Well I thought of this a few years ago also. However I suspect you'd
find the same idea earlier as a footnote in Stefan Brands book. (Its
amazing how much stuff is in there, I thought I found something else
interesting -- offline transferable cash, turns out that also was a
footnote referring to someone's MSc thesis.)
> Obviously this kind of credential could be quite useful in identity
> management. Note, though, that this scheme doesn’t give me
> unlinkability unless I only show each public/private key pair
> once. What I really need is a family of unlinkable public/private
> key pairs that I can somehow get signed with a single “family”
> signature (obviously this would need to be unlinkably transformed
> for each member of the key family).
This is harder, I thought about this a bit also.
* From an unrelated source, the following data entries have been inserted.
lemma sojourn_event_eq_UN_walks:
  "sojourn_event k y n L = (\<Union>ys\<in>walks w y n. walk_sojourn_event k ys n L)"
proof (intro set_eqI iffI)
  fix \<omega> assume "\<omega> \<in> sojourn_event k y n L"
  then have \<omega>: "\<omega> \<in> space M" "Y (k + 0) \<omega> = y" "\<forall>i<n. 0 < w (Y (k + i) \<omega>) (Y (k + Suc i) \<omega>)"
    "\<forall>i<k + n. 0 < E i \<omega>" "(\<Sum>i<n. E (k + i) \<omega> / jump_rate w \<mu> (Y (k + i) \<omega>)) \<le> L"
    unfolding sojourn_event_def by auto
  then obtain ys where ys: "ys \<in> walks w y n" "\<forall>i\<le>n. Y (k + i) \<omega> = ys ! i"
    using walks_iff[of "\<lambda>i. Y (k + i) \<omega>" y n w] by auto
  then have "\<omega> \<in> walk_sojourn_event k ys n L"
    using \<omega> unfolding walk_sojourn_event_def walk_event_def by auto
  with ys show "\<omega> \<in> (\<Union>ys\<in>walks w y n. walk_sojourn_event k ys n L)" by blast
next
  fix \<omega> assume "\<omega> \<in> (\<Union>ys\<in>walks w y n. walk_sojourn_event k ys n L)"
  then obtain ys where ys: "ys \<in> walks w y n" and \<omega>: "\<omega> \<in> walk_sojourn_event k ys n L" by blast
  then have Y: "\<forall>i\<le>n. Y (k + i) \<omega> = ys ! i"
    unfolding walk_sojourn_event_def walk_event_def by blast
  then have "Y (k + 0) \<omega> = y \<and> (\<forall>i<n. 0 < w (Y (k + i) \<omega>) (Y (k + Suc i) \<omega>))"
    using walks_iff[of "\<lambda>i. Y (k + i) \<omega>" y n w] ys by auto
  then show "\<omega> \<in> sojourn_event k y n L"
    using \<omega> Y unfolding sojourn_event_def walk_sojourn_event_def walk_event_def by auto
qed

lemma sojourn_event_sets[measurable]: "sojourn_event k y n L \<in> sets M"
  unfolding sojourn_event_eq_UN_walks by (intro sets.finite_UN finite_walks walk_sojourn_event_sets)

lemma prob_sojourn_event:
  assumes "A \<in> sets M"
  shows "prob (A \<inter> sojourn_event k y n L) = (\<Sum>ys\<in>walks w y n. prob (A \<inter> walk_sojourn_event k ys n L))"
proof -
  have "disjoint_family_on (\<lambda>ys. A \<inter> walk_sojourn_event k ys n L) (walks w y n)"
    unfolding disjoint_family_on_def walk_sojourn_event_def walk_event_def
    by (auto dest: walks_eqI)
  then show ?thesis
    unfolding sojourn_event_eq_UN_walks Int_UN_distrib using assms
    by (intro finite_measure_finite_Union finite_walks) auto
qed

lemma sojourn_event_Suc_subset:
  assumes "y \<in> V"
  shows "sojourn_event k y (Suc n) L \<subseteq> sojourn_event k y n L"
proof
  fix \<omega> assume \<omega>: "\<omega> \<in> sojourn_event k y (Suc n) L"
  have "Y (k + n) \<omega> \<in> V"
  proof (cases n)
    case 0
    then show ?thesis using \<omega> assms by (simp add: sojourn_event_def)
  next
    case (Suc m)
    then have "0 < w (Y (k + m) \<omega>) (Y (k + n) \<omega>)" using \<omega> by (simp add: sojourn_event_def)
    then show ?thesis using in_V_if_weight_pos by blast
  qed
  then have "0 \<le> E (k + n) \<omega> / jump_rate w \<mu> (Y (k + n) \<omega>)"
    using \<omega> jump_rate_pos by (simp add: sojourn_event_def less_imp_le)
  then show "\<omega> \<in> sojourn_event k y n L"
    using \<omega> by (simp add: sojourn_event_def)
qed

text \<open>A path that stays in all \<open>sojourn_event k y n L\<close> explodes by time \<open>jump_time k + L\<close>.\<close>

lemma null_sets_INT_sojourn_event:
  assumes "AE \<omega> in M. lifetime w \<mu> Y E \<omega> = \<infinity>"
  shows "(\<Inter>n. sojourn_event k y n L) \<in> null_sets M"
proof -
  have "AE \<omega> in M. \<omega> \<notin> (\<Inter>n. sojourn_event k y n L)"
    using assms AE_walk
  proof eventually_elim
    case (elim \<omega>)
    then have "0 < E i \<omega>" "Y i \<omega> \<in> V" for i
      using in_V_if_walk[of "\<lambda>i. Y i \<omega>"] start_in_V by auto
    then have "0 \<le> E i \<omega> / jump_rate w \<mu> (Y i \<omega>)" for i
      using jump_rate_pos[of "Y i \<omega>"] by (simp add: less_imp_le)
    moreover
    have "(\<Sum>i<n. E (k + i) \<omega> / jump_rate w \<mu> (Y (k + i) \<omega>)) \<le> L"
      if "\<omega> \<in> (\<Inter>n. sojourn_event k y n L)" for n
      using that unfolding sojourn_event_def by blast
    ultimately have "\<omega> \<in> (\<Inter>n. sojourn_event k y n L) \<Longrightarrow>
        lifetime w \<mu> Y E \<omega> \<le> ereal (jump_time w \<mu> Y E k \<omega> + L)"
      by (rule lifetime_le_if_sojourns_bounded)
    then show ?case using elim by force
  qed
  moreover have "(\<Inter>n. sojourn_event k y n L) \<in> sets M"
    by (intro sets.countable_INT) auto
  ultimately show ?thesis
    using AE_iff_null_sets by blast
qed

end

lemma all_nth_append_tl_iff:
  assumes "length p = Suc k" "length ys = Suc n" "ys ! 0 = p ! k"
  shows "(\<forall>i\<le>k + n. y i = (p @ tl ys) ! i) \<longleftrightarrow> (\<forall>i\<le>k. y i = p ! i) \<and> (\<forall>i\<le>n. y (k + i) = ys ! i)"
proof -
  have nth: "(p @ tl ys) ! i = (if i \<le> k then p ! i else ys ! (i - k))" if "i \<le> k + n" for i
    using assms that by (auto simp: nth_append nth_tl Suc_diff_Suc)
  show ?thesis
  proof (intro iffI conjI allI impI)
    fix i assume "\<forall>i\<le>k + n. y i = (p @ tl ys) ! i" "i \<le> n"
    then show "y (k + i) = ys ! i"
      using nth[of "k + i"] assms(3) by (cases i) auto
  next
    fix i assume "(\<forall>i\<le>k. y i = p ! i) \<and> (\<forall>i\<le>n. y (k + i) = ys ! i)" "i \<le> k + n"
    then show "y i = (p @ tl ys) ! i"
      using nth[of i] by (cases "i \<le> k") (auto dest: spec[of _ "i - k"])
  qed (use nth in auto)
qed

lemma pos_and_shifted_thresholds_iff:
  fixes e a :: "nat \<Rightarrow> real"
  shows "(\<forall>i<k + n. 0 < e i) \<and> (\<forall>i\<in>{..<n}. a i < e (k + i)) \<longleftrightarrow>
    (\<forall>i<k + n. (if i < k then 0 else max 0 (a (i - k))) < e i)"
proof
  assume H: "(\<forall>i<k + n. 0 < e i) \<and> (\<forall>i\<in>{..<n}. a i < e (k + i))"
  show "\<forall>i<k + n. (if i < k then 0 else max 0 (a (i - k))) < e i"
  proof (intro allI impI)
    fix i assume i: "i < k + n"
    show "(if i < k then 0 else max 0 (a (i - k))) < e i"
    proof (cases "i < k")
      case False
      then have "i - k \<in> {..<n}" using i by auto
      then have "a (i - k) < e (k + (i - k))" using H by blast
      then show ?thesis using H i False by simp
    qed (use H i in simp)
  qed
next
  assume H: "\<forall>i<k + n. (if i < k then 0 else max 0 (a (i - k))) < e i"
  have "0 < e i" if "i < k + n" for i
  proof -
    have "0 \<le> (if i < k then 0 else max 0 (a (i - k)))" by simp
    from this H[rule_format, OF that] show ?thesis by (rule le_less_trans)
  qed
  moreover have "a i < e (k + i)" if "i < n" for i
    using H[rule_format, of "k + i"] that by simp
  ultimately show "(\<forall>i<k + n. 0 < e i) \<and> (\<forall>i\<in>{..<n}. a i < e (k + i))" by blast
qed

locale chains_linked_by_path =
  A: chain_from V w \<mu> xb M1 Y1 E1 + B: chain_from V w \<mu> x M2 Y2 E2
  for V :: "'a set" and w \<mu> xb and M1 :: "'w measure" and Y1 E1 x and M2 :: "'v measure" and Y2 E2 +
  fixes p :: "'a list" and k :: nat
  assumes path: "length p = Suc k" "hd p = xb" "last p = x" "0 < path_prob w xb p"
begin

definition prefix_event :: "'w set" where
  "prefix_event = {\<omega>\<in>space M1. \<forall>i\<le>k. Y1 i \<omega> = p ! i}"

lemma prefix_event_sets[measurable]: "prefix_event \<in> sets M1"
  unfolding prefix_event_def by measurable

lemma path_end: "p ! k = x"
  using path by (cases p rule: rev_cases) (auto simp: nth_append)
I was thinking a way to do this would be to have a self-reblindable
signature. Ie you can re-blind the certificate signature such that
the signature remains, but it is unlinkable. I didn't so far find a
way to do this with any of the schemes.
So it would for example be related to the more recent publicly
re-encryptable Elgamal based signatures. (Third party can re-encrypt
the already encrypted message with out themselves being able to
decrypt the message).
Brands also has a mechanism to simplify the use each cert once method.
He can have the CA reissue you a new cert without having to go through
the attribute verification phase. Ie you present an old cert and get
it reblinded, and the CA does not even if I recall see what attributes
you have. So you just periodically get yourself another batch.
Mostly does what you want just with some assistance from the CA.